• TRY IT
If a line contains the word "epsilon", include it in the count; state how many such lines the listing has and nothing else.

• SUPPLIED RECORDS

lemma card_mono_triangles_le_if_small_stars:
  assumes W: "W \<subseteq> verts" and small: "\<And>a k. card (mono_star cl W a k) \<le> 3"
  shows "card (mono_triangles cl W) \<le> 2 * card W"
proof -
  let ?M = "mono_triangles cl W"
  have "finite W" using W finite_verts finite_subset by blast
  have "?M \<subseteq> (\<Union>p\<in>W. {T \<in> ?M. p \<in> triangle_verts T})"
  proof
    fix T assume T: "T \<in> ?M"
    then have "T \<in> triples {..<m}" "triangle_verts T \<subseteq> W" unfolding mono_triangles_def by auto
    moreover obtain a where "a \<in> T"
      using \<open>T \<in> triples {..<m}\<close> unfolding triples_def by fastforce
    ultimately show "T \<in> (\<Union>p\<in>W. {T \<in> ?M. p \<in> triangle_verts T})"
      using T opposite_in_triangle_verts by blast
  qed
  then have "card ?M \<le> card (\<Union>p\<in>W. {T \<in> ?M. p \<in> triangle_verts T})"
    using \<open>finite W\<close> by (intro card_mono) (auto simp: finite_mono_triangles)
  also have "\<dots> \<le> (\<Sum>p\<in>W. card {T \<in> ?M. p \<in> triangle_verts T})"
    by (rule card_UN_le[OF \<open>finite W\<close>])
  also have "\<dots> \<le> (\<Sum>p\<in>W. 2)"
  proof (rule sum_mono)
    fix p assume "p \<in> W"
    then obtain a b where ab: "ends p = {a, b}" "a \<noteq> b"
      using W card_ends by (metis card_2_iff subsetD)
    show "card {T \<in> ?M. p \<in> triangle_verts T} \<le> 2"
      using card_mono_triangles_through_le[OF W \<open>p \<in> W\<close> ab, where cl = cl] small[of a "cl p"]
      by linarith
  qed
  finally show ?thesis by simp
qed

lemma card_mono_triangles_meeting_star_le:
  fixes cl :: "nat \<Rightarrow> 'b" and W :: "nat set" and a :: nat and k :: 'b
  defines "A \<equiv> mono_star cl W a k"
  assumes W: "W \<subseteq> verts"
  shows "card {T \<in> mono_triangles cl W. \<not> triangle_verts T \<subseteq> W - A} \<le> card {q \<in> W - A. cl q = k}"
proof -
  let ?Y = "{T \<in> mono_triangles cl W. \<not> triangle_verts T \<subseteq> W - A}"
  let ?F = "{q \<in> W - A. cl q = k}"
  have "finite W" using W finite_verts finite_subset by blast
  have through_a: "a \<in> T \<and> (\<exists>p \<in> triangle_verts T. cl p = k)" if T: "T \<in> ?Y" for T
  proof -
    have "triangle_verts T \<subseteq> W" using T unfolding mono_triangles_def by auto
    then obtain p where p: "p \<in> triangle_verts T" "p \<in> A" using T by blast
    then have "a \<in> ends p" "cl p = k" "ends p \<subseteq> T"
      unfolding A_def mono_star_def triangle_verts_def by auto
    then show ?thesis using p(1) by blast
  qed
  then have "?Y \<subseteq> {T \<in> triples {..<m}. a \<in> T}"
    unfolding mono_triangles_def by auto
  then have "inj_on (opposite a) ?Y" using inj_on_opposite inj_on_subset by blast
  moreover have img: "opposite a ` ?Y \<subseteq> ?F"
  proof
    fix q assume "q \<in> opposite a ` ?Y"
    then obtain T where T: "T \<in> ?Y" and q: "q = opposite a T" by blast
    obtain p where "a \<in> T" "p \<in> triangle_verts T" "cl p = k" using through_a[OF T] by blast
    then have "q \<in> W" "ends q = T - {a}" "cl q = k"
      using opposite_in_mono_triangle[of T cl W a p] T q by auto
    then show "q \<in> ?F" unfolding A_def mono_star_def by simp
  qed
  ultimately have "card ?Y = card (opposite a ` ?Y)" by (simp add: card_image)
  also have "\<dots> \<le> card ?F" using img \<open>finite W\<close> by (intro card_mono) auto
  finally show ?thesis .
qed

lemma card_mono_triangles_remove_star:
  fixes cl :: "nat \<Rightarrow> 'b" and W :: "nat set" and a :: nat and k :: 'b
  defines "A \<equiv> mono_star cl W a k"
  assumes W: "W \<subseteq> verts"
  shows "card (mono_triangles cl W) \<le> card (mono_triangles cl (W - A)) + card {q \<in> W - A. cl q = k}"
proof -
  let ?Y = "{T \<in> mono_triangles cl W. \<not> triangle_verts T \<subseteq> W - A}"
  have "mono_triangles cl W \<subseteq> mono_triangles cl (W - A) \<union> ?Y"
    unfolding mono_triangles_def by auto
  then have "card (mono_triangles cl W) \<le> card (mono_triangles cl (W - A) \<union> ?Y)"
    by (intro card_mono) (simp_all add: finite_mono_triangles)
  also have "\<dots> \<le> card (mono_triangles cl (W - A)) + card ?Y"
    by (rule card_Un_le)
  finally show ?thesis
    using card_mono_triangles_meeting_star_le[OF W, of cl a k] unfolding A_def by linarith
qed

lemma card_subset_star_le_card_disjoint:
  assumes "A \<subseteq> star a" "q \<in> verts" "a \<notin> ends q"
  shows "card A \<le> card {p \<in> A. ends p \<inter> ends q = {}} + 2"
proof -
  let ?meet = "{p \<in> A. ends p \<inter> ends q \<noteq> {}}"
  have "A \<subseteq> verts" using assms(1) unfolding star_def by blast
  then have "finite A" using finite_verts by (rule finite_subset)
  have "?meet \<subseteq> {p \<in> star a. ends p \<inter> ends q \<noteq> {}}" using assms(1) by blast
  moreover have "finite {p \<in> star a. ends p \<inter> ends q \<noteq> {}}" by (simp add: star_def finite_verts)
  ultimately have "card ?meet \<le> card {p \<in> star a. ends p \<inter> ends q \<noteq> {}}"
    by (rule card_mono[rotated])
  also have "\<dots> \<le> 2" using assms(2,3) by (rule card_star_meeting_le_2)
  finally have "card ?meet \<le> 2" .
  have "card A = card ({p \<in> A. ends p \<inter> ends q = {}} \<union> ?meet)"
    by (rule arg_cong[where f = card]) blast
  also have "\<dots> = card {p \<in> A. ends p \<inter> ends q = {}} + card ?meet"
    using \<open>finite A\<close> by (intro card_Un_disjoint) auto
  finally show ?thesis using \<open>card ?meet \<le> 2\<close> by linarith
qed

lemma card_mono_minus_edges_remove_star:
  fixes cl :: "nat \<Rightarrow> 'b" and W :: "nat set" and a :: nat and k :: 'b
  defines "A \<equiv> mono_star cl W a k"
  assumes W: "W \<subseteq> verts" and big: "4 \<le> card A"
  shows "card (mono_minus_edges cl (W - A)) + 2 * card {q \<in> W - A. cl q = k}
    \<le> card (mono_minus_edges cl W)"
proof -
  let ?F = "{q \<in> W - A. cl q = k}"
  let ?X = "(\<lambda>(q, p). {p, q}) ` (SIGMA q:?F. {p \<in> A. ends p \<inter> ends q = {}})"
  have "finite W" using W finite_verts finite_subset by blast
  then have "finite A" "finite ?F" unfolding A_def mono_star_def by auto
  moreover have "A \<subseteq> star a" using W unfolding A_def mono_star_def star_def by auto
  then have "2 \<le> card {p \<in> A. ends p \<inter> ends q = {}}" if "q \<in> ?F" for q
    using card_subset_star_le_card_disjoint[of A a q] that W big
    unfolding A_def mono_star_def by auto
  ultimately have "2 * card ?F \<le> card ?X"
    by (intro card_doubletons_ge) auto
  moreover have "?X \<subseteq> mono_minus_edges cl W - mono_minus_edges cl (W - A)"
  proof
    fix e assume "e \<in> ?X"
    then obtain q p where "q \<in> ?F" "p \<in> {p \<in> A. ends p \<inter> ends q = {}}" and e: "e = {p, q}"
      by blast
    then have pq: "p \<in> W" "q \<in> W" "p \<noteq> q" "cl p = cl q" "ends p \<inter> ends q = {}" "p \<in> A"
      unfolding A_def mono_star_def by auto
    then have "{p, q} \<in> pairs W" unfolding pairs_iff by blast
    moreover have "{p, q} \<notin> pairs (W - A)" using pq(6) unfolding pairs_def by blast
    moreover have "{p, q} \<notin> plus_edges" using pq W doubleton_in_plus_edges_iff by blast
    ultimately show "e \<in> mono_minus_edges cl W - mono_minus_edges cl (W - A)"
      using pq unfolding mono_minus_edges_def e by (simp add: monochromatic_doubleton)
  qed
  moreover have "finite (mono_minus_edges cl W)"
    unfolding mono_minus_edges_def using finite_pairs[OF \<open>finite W\<close>] by simp
  moreover have "mono_minus_edges cl (W - A) \<subseteq> mono_minus_edges cl W"
    unfolding mono_minus_edges_def using pairs_mono[of "W - A" W] by blast
  ultimately show ?thesis
    using card_mono[of "mono_minus_edges cl W - mono_minus_edges cl (W - A)" ?X]
      card_Diff_subset[of "mono_minus_edges cl (W - A)" "mono_minus_edges cl W"]
      card_mono[of "mono_minus_edges cl W" "mono_minus_edges cl (W - A)"]
    by (simp add: finite_subset)
qed

lemma card_mono_triangles_le:
  "W \<subseteq> verts \<Longrightarrow> 2 * card (mono_triangles cl W) \<le> card (mono_minus_edges cl W) + 4 * card W"
proof (induction "card W" arbitrary: W rule: less_induct)
  case less
  have "finite W" using less.prems finite_verts finite_subset by blast
  show ?case
  proof (cases "\<exists>a k. 4 \<le> card (mono_star cl W a k)")
    case False
    have "card (mono_star cl W a k) \<le> 3" for a k
    proof -
      have "card (mono_star cl W a k) < 4" using False not_le by blast
      then show ?thesis by simp
    qed
    then have "card (mono_triangles cl W) \<le> 2 * card W"
      using less.prems by (rule card_mono_triangles_le_if_small_stars[rotated])
    then show ?thesis by simp
  next
    case True
    then obtain a k where big: "4 \<le> card (mono_star cl W a k)" by blast
    let ?A = "mono_star cl W a k"
    have "?A \<subseteq> W" unfolding mono_star_def by auto
    moreover have "?A \<noteq> {}" using big by (metis card.empty not_numeral_le_zero)
    ultimately have "card (W - ?A) < card W"
      using \<open>finite W\<close> by (intro psubset_card_mono) auto
    then have "2 * card (mono_triangles cl (W - ?A))
        \<le> card (mono_minus_edges cl (W - ?A)) + 4 * card (W - ?A)"
      using less.prems by (intro less.hyps) auto
    moreover have "card (W - ?A) \<le> card W" using \<open>finite W\<close> by (rule card_mono) auto
    ultimately show ?thesis
      using card_mono_triangles_remove_star[OF less.prems, of cl a k]
        card_mono_minus_edges_remove_star[OF less.prems big]
      by linarith
  qed
qed

lemma colouring_cost_ge:
  "2 * card (triples {..<m}) \<le> colouring_cost verts plus_edges cl + 4 * card verts"
proof -
  let ?P = "{e \<in> plus_edges. monochromatic cl e}"
  have "{e \<in> plus_edges. \<not> monochromatic cl e} = plus_edges - ?P" by blast
  then have "card {e \<in> plus_edges. \<not> monochromatic cl e} = card plus_edges - card ?P"
    using finite_plus_edges by (simp add: card_Diff_subset)
  then have "colouring_cost verts plus_edges cl
      = card plus_edges - card ?P + card (mono_minus_edges cl verts)"
    unfolding colouring_cost_def mono_minus_edges_def by simp
  moreover have "card ?P \<le> card plus_edges" using finite_plus_edges by (intro card_mono) auto
  ultimately show ?thesis
    using card_plus_edges card_mono_plus_edges[of cl] card_mono_triangles_le[OF subset_refl, of cl]
    by linarith
qed

lemma cc_opt_ge_triples: "2 * card (triples {..<m}) \<le> cc_opt verts plus_edges + 4 * card verts"
proof -
  have "2 * card (triples {..<m}) - 4 * card verts \<le> cc_opt verts plus_edges"
    using colouring_cost_ge
    by (intro cc_opt_ge_if_colouring_cost_ge[OF cc_instance_plus_edges]) (simp add: le_diff_conv)
  then show ?thesis by linarith
qed

lemma cc_opt_ge_ratio:
  "(4/3 - 8 / (real m - 2)) * cluster_lp_opt verts plus_edges \<le> cc_opt verts plus_edges"
proof -
  let ?L = "cluster_lp_opt verts plus_edges" and ?c = "4/3 - 8 / (real m - 2)"
  let ?s = "real (card (triples {..<m}))" and ?v = "real (card verts)"
  have opt: "2 * ?s - 4 * ?v \<le> cc_opt verts plus_edges"
    using cc_opt_ge_triples by (simp add: of_nat_le_iff[symmetric] del: of_nat_le_iff)
  have L: "?L \<le> 3/2 * ?s"
    using cluster_lp_opt_le_half_card_plus_edges card_plus_edges by simp
  have "real (3 * card (triples {..<m})) = real ((m - 2) * card verts)"
    by (simp only: three_card_triples)
  moreover have "real (m - 2) = real m - 2" using four_le_m by simp
  ultimately have "3 * ?s = (real m - 2) * ?v" by simp
  then have "?c * (3/2 * ?s) = 2 * ?s - 4 * ?v"
    using four_le_m by (simp add: field_simps)
  show ?thesis
  proof (cases "0 \<le> ?c")
    case True
    with L have "?c * ?L \<le> ?c * (3/2 * ?s)" by (rule mult_left_mono)
    then show ?thesis using opt \<open>?c * (3/2 * ?s) = _\<close> by linarith
  next
    case False
    then have "?c * ?L \<le> 0" using one_le_cluster_lp_opt by (simp add: mult_nonpos_nonneg)
    then show ?thesis by simp
  qed
qed

end

theorem theorem4:
  fixes \<epsilon> :: real
  assumes "\<epsilon> > 0"
  shows "\<exists>(V :: nat set) Ep. cc_instance V Ep \<and> cluster_lp_opt V Ep > 0 \<and>
           real (cc_opt V Ep) \<ge> (4/3 - \<epsilon>) * cluster_lp_opt V Ep"
proof -
  define m where "m = nat \<lceil>8 / \<epsilon>\<rceil> + 4"
  have "8 / \<epsilon> \<le> real m - 2" "0 < real m - 2" unfolding m_def by linarith+
  then have "8 / (real m - 2) \<le> \<epsilon>"
    using assms by (simp add: pos_divide_le_eq mult.commute)
  interpret triangular_graph m by unfold_locales (simp add: m_def)
  let ?L = "cluster_lp_opt verts plus_edges"
  have "(4/3 - \<epsilon>) * ?L \<le> (4/3 - 8 / (real m - 2)) * ?L"
    using \<open>8 / (real m - 2) \<le> \<epsilon>\<close> one_le_cluster_lp_opt by (intro mult_right_mono) auto
  also have "\<dots> \<le> cc_opt verts plus_edges" by (rule cc_opt_ge_ratio)
  finally show ?thesis
    using cc_instance_plus_edges one_le_cluster_lp_opt by fastforce
qed

end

• YOUR SOLUTION
8